Title :
Design and implementation of a web structure mining algorithm using breadth first search strategy for academic search application
Author :
Jeyalatha, S. ; Vijayakumar, B.
Author_Institution :
Dept. of Comput. Sci., BITS Pilani, Dubai, United Arab Emirates
Abstract :
This paper deals with Web Structure Mining, using the Breadth First Search strategy. While browsing the web, the user has to go through many pages of the Internet, filter data and download required information. This task of searching and downloading is time consuming. Sometimes the search queries call for specific option, say, limiting search to few links. To reduce the time spent by users, a web link extraction tool has been designed and implemented in Java, that analyzes the ways of extracting web link information using a standard interface. The Test Scenario has been presented with various keywords like Higher Education, Conference Alerts and Special Interest Group. The present work can be a useful input to Web Users, Faculty, Students and Web Administrators in a University Environment. The web extraction tool helps to save time in searching and downloading files from the web. Another strong requirement is to verify whether the search keywords which have been entered by the user, gives an user accurate and relevant results. This is made possible by performing a quick check on search links.

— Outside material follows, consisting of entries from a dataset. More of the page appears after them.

lemma S_rel_step_bound:
  assumes Q: "Q \<in> gen lam m" and Rt: "Rt \<in> gen lam n" and R: "R \<in> gen lam (Suc n)"
    and "R \<subseteq> Rt" "Rt \<subseteq> Q"
  shows "cmod (S_rel \<mu> Q R - S_rel \<mu> Q Rt) \<le> mart_const L * a_seq lam n"
proof -
  have [measurable]: "Q \<in> sets borel" "Rt \<in> sets borel" "R \<in> sets borel"
    using gen_borel[OF Q] gen_borel[OF Rt] gen_borel[OF R] by auto
  have "S_rel \<mu> Q R = average \<mu> R (potential \<mu> (Q - Rt)) + average \<mu> R (potential \<mu> (Rt - R))"
    unfolding S_rel_eq_average
    using \<open>R \<subseteq> Rt\<close> \<open>Rt \<subseteq> Q\<close> by (intro average_potential_split[OF R Rt]) auto
  moreover have "cmod (average \<mu> R (potential \<mu> (Q - Rt)) - average \<mu> Rt (potential \<mu> (Q - Rt)))
      \<le> 2 * (osc_const L * a_seq lam n)"
    using \<open>R \<subseteq> Rt\<close> potential_set_integrable[OF Rt, of "Q - Rt" Rt]
      potential_oscillation[OF Rt, of "Q - Rt"] measure_gen_pos[OF R] measure_gen_pos[OF Rt]
    by (intro norm_average_diff_le) auto
  moreover have "cmod (average \<mu> R (potential \<mu> (Rt - R)) - 0) \<le> 4 / gap L * a_seq lam n"
    using potential_set_integrable[OF R, of "Rt - R" R] norm_potential_siblings_le[OF Rt R]
      measure_gen_pos[OF R]
    by (intro norm_average_minus_le) auto
  ultimately show ?thesis
    using norm_triangle_ineq[of "average \<mu> R (potential \<mu> (Q - Rt)) - average \<mu> Rt (potential \<mu> (Q - Rt))"
        "average \<mu> R (potential \<mu> (Rt - R))"]
    by (simp add: S_rel_eq_average mart_const_def algebra_simps)
qed
(* All vertices of an antichain lie in the halfplane, so it counts towards its mu. *)
lemma antichain_card_le_mu:
  assumes "finite A" "a \<noteq> 0" "C \<subseteq> A" "\<forall>L\<in>C. is_line L" "inj_on f C"
    and antichain: "\<forall>L\<in>C. \<forall>M\<in>C. \<not> precedes a b f L M"
  shows "card C \<le> mu A {x. a \<bullet> x > b}"
proof -
  have "V C \<subseteq> {x. a \<bullet> x > b}"
  proof
    fix x assume "x \<in> V C"
    then obtain L M where LM: "L \<in> C" "M \<in> C" "L \<noteq> M" "x \<in> L" "x \<in> M"
      unfolding V_def by blast
    have "is_line L" "is_line M" "f L \<noteq> f M" using LM(1-3) assms(4,5) by (auto dest: inj_onD)
    moreover have "\<not> precedes a b f L M" "\<not> precedes a b f M L" using antichain LM(1,2) by auto
    ultimately show "x \<in> {x. a \<bullet> x > b}"
      using incomparable_meet_inside[OF assms(2) _ _ LM(3) _ _ LM(4,5)] by simp
  qed
  thus ?thesis using mu_ge[OF assms(1,3)] by blast
qed

theorem lemma1:
  fixes A :: "(real^2) set set" and S1 S2 :: "(real^2) set"
  assumes "finite A" and "\<forall>L\<in>A. is_line L"
    and "open_halfplane S1"
  shows "mu A (S1 \<union> S2) \<le> mu A S1 * mu A S2"
proof -
  obtain a b where a0: "a \<noteq> 0" and S1: "S1 = {x. a \<bullet> x > b}"
    using assms(3) unfolding open_halfplane_def by blast
  obtain f :: "(real^2) set \<Rightarrow> nat" where inj: "inj_on f A"
    using finite_imp_inj_to_nat_seg[OF assms(1)] by blast
  obtain B where BA: "B \<subseteq> A" and VB: "V B \<subseteq> S1 \<union> S2" and cB: "card B = mu A (S1 \<union> S2)"
    using mu_attained[OF assms(1)] by blast
  have sub: "C \<subseteq> A" "\<forall>L\<in>C. is_line L" "inj_on f C" if "C \<subseteq> B" for C
    using that BA assms(2) inj_on_subset[OF inj] by blast+
  have "card B \<le> mu A S2 * mu A S1"
  proof (rule card_le_chain_times_antichain[where R = "precedes a b f"])
    fix C assume CB: "C \<subseteq> B"
      and chain: "\<forall>L\<in>C. \<forall>M\<in>C. L \<noteq> M \<longrightarrow> precedes a b f L M \<or> precedes a b f M L"
    have "V C \<subseteq> {x. a \<bullet> x > b} \<union> S2" using V_mono[OF CB] VB S1 by blast
    thus "card C \<le> mu A S2" by (rule chain_card_le_mu[OF assms(1) a0 sub(1,2)[OF CB] _ chain])
  next
    fix C assume CB: "C \<subseteq> B" and antichain: "\<forall>L\<in>C. \<forall>M\<in>C. \<not> precedes a b f L M"
    show "card C \<le> mu A S1"
      unfolding S1 by (rule antichain_card_le_mu[OF assms(1) a0 sub[OF CB] antichain])
  qed (use finite_subset[OF BA assms(1)] precedes_irrefl precedes_trans in auto)
  thus ?thesis using cB by (simp add: mult.commute)
qed
theorem proposition4:
  fixes c :: "'w::finite rel \<Rightarrow> 'w rel \<Rightarrow> 'w rel"
  assumes "combinator c"
  shows "teamqueue c \<longleftrightarrow> basic c \<and> TRI c"
proof -
  have tpo_c: "tpo R1 \<Longrightarrow> tpo R2 \<Longrightarrow> tpo (c R1 R2)" for R1 R2
    using assms unfolding combinator_def by blast
  have "teamqueue c \<longleftrightarrow> (\<forall>R1 R2. tpo R1 \<longrightarrow> tpo R2 \<longrightarrow>
      minS (c R1 R2) UNIV = minS R1 UNIV \<union> minS R2 UNIV \<and>
      (\<forall>S. minS (c R1 R2) S = minS R1 S \<or> minS (c R1 R2) S = minS R2 S \<or>
        minS (c R1 R2) S = minS R1 S \<union> minS R2 S))"
    unfolding teamqueue_iff_teamqueue_of by (simp add: teamqueue_of_iff tpo_c)
  also have "\<dots> \<longleftrightarrow> basic c \<and> TRI c"
    unfolding basic_def TRI_def by blast
  finally show ?thesis .
qed

end
theorem proposition1:
  fixes \<xi> :: real and n q :: nat
  assumes "\<xi> \<notin> \<rat>" and "n \<ge> 1" and "convergent_denominator \<xi> q"
  shows "succ_min (int_polys n) (conv_body n \<xi> q) (n + 1) \<le> 2 ^ n
       \<and> succ_min (int_polys n) (conv_body n \<xi> q) 1 \<ge> 1 / (2 ^ (n\<^sup>2) * fact (n + 1))
       \<and> (\<exists>B. B \<subseteq> scale_body (2 ^ n) (conv_body n \<xi> q) \<and> is_Z_basis B (int_polys n))"
proof -
  obtain p r s where "q \<ge> 1" "0 \<le> r" "r \<le> int q"
    "\<bar>real q * \<xi> - real_of_int p\<bar> \<le> 1 / real q" "\<bar>real_of_int r * \<xi> - real_of_int s\<bar> \<le> 1 / real q"
    "\<bar>p * r - int q * s\<bar> = 1"
    using convergent_denominator_data[OF assms(1,3)] .
  then interpret convergent_pair p r s q \<xi> by unfold_locales auto
  have lattice: "basis n \<subseteq> int_polys n" using basis_is_Z_basis by (simp add: is_Z_basis_def)
  have upper: "succ_min (int_polys n) (conv_body n \<xi> q) (n + 1) \<le> 2 ^ n"
    by (rule succ_min_le[of _ "basis n"]) (use lattice basis_in_body card_basis basis_real_indep in auto)
  have "1 / (2 ^ (n\<^sup>2) * fact (n + 1)) \<le> succ_min (int_polys n) (conv_body n \<xi> q) 1"
  proof (rule succ_min_1_ge)
    have "basis_poly n 0 \<in> basis n" by (simp add: basis_def)
    moreover have "0 \<notin> basis n" using basis_real_indep by (rule real_lin_indep_nonzero)
    ultimately show "basis_poly n 0 \<in> int_polys n \<inter> scale_body (2 ^ n) (conv_body n \<xi> q)" "basis_poly n 0 \<noteq> 0"
      using lattice basis_in_body by auto
  next
    fix l P assume "l > 0" "P \<in> int_polys n \<inter> scale_body l (conv_body n \<xi> q)" "P \<noteq> 0"
    hence "1 \<le> (real n + 1) * 2 ^ n * l" by (intro lattice_point_lower_bound) auto
    have "1 / (2 ^ (n\<^sup>2) * fact (n + 1)) \<le> 1 / ((real n + 1) * 2 ^ n)"
      using lower_constant_le[of n] by (intro divide_left_mono) auto
    also have "\<dots> \<le> l" using \<open>1 \<le> (real n + 1) * 2 ^ n * l\<close> by (simp add: divide_le_eq mult.commute)
    finally show "1 / (2 ^ (n\<^sup>2) * fact (n + 1)) \<le> l" .
  qed simp
  then show ?thesis using upper basis_in_body basis_is_Z_basis by blast
qed

end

The user can also view the internal links present in the selected HTML files and the adjacency list of the crawled files.
Keywords :
Internet; data mining; tree searching; Internet; Java; Web extraction tool; Web link extraction tool; Web link information; Web structure mining; academic search application; breadth first search; search queries; standard interface; Data mining; Google; HTML; Java; User interfaces; Web pages; XML; Adjacency List; Breadth First Search; Downloading; Web Extraction; Web Structure Mining;
Conference_Titel :
Internet Technology and Secured Transactions (ICITST), 2011 International Conference for
Conference_Location :
Abu Dhabi
Print_ISBN :
978-1-4577-0884-8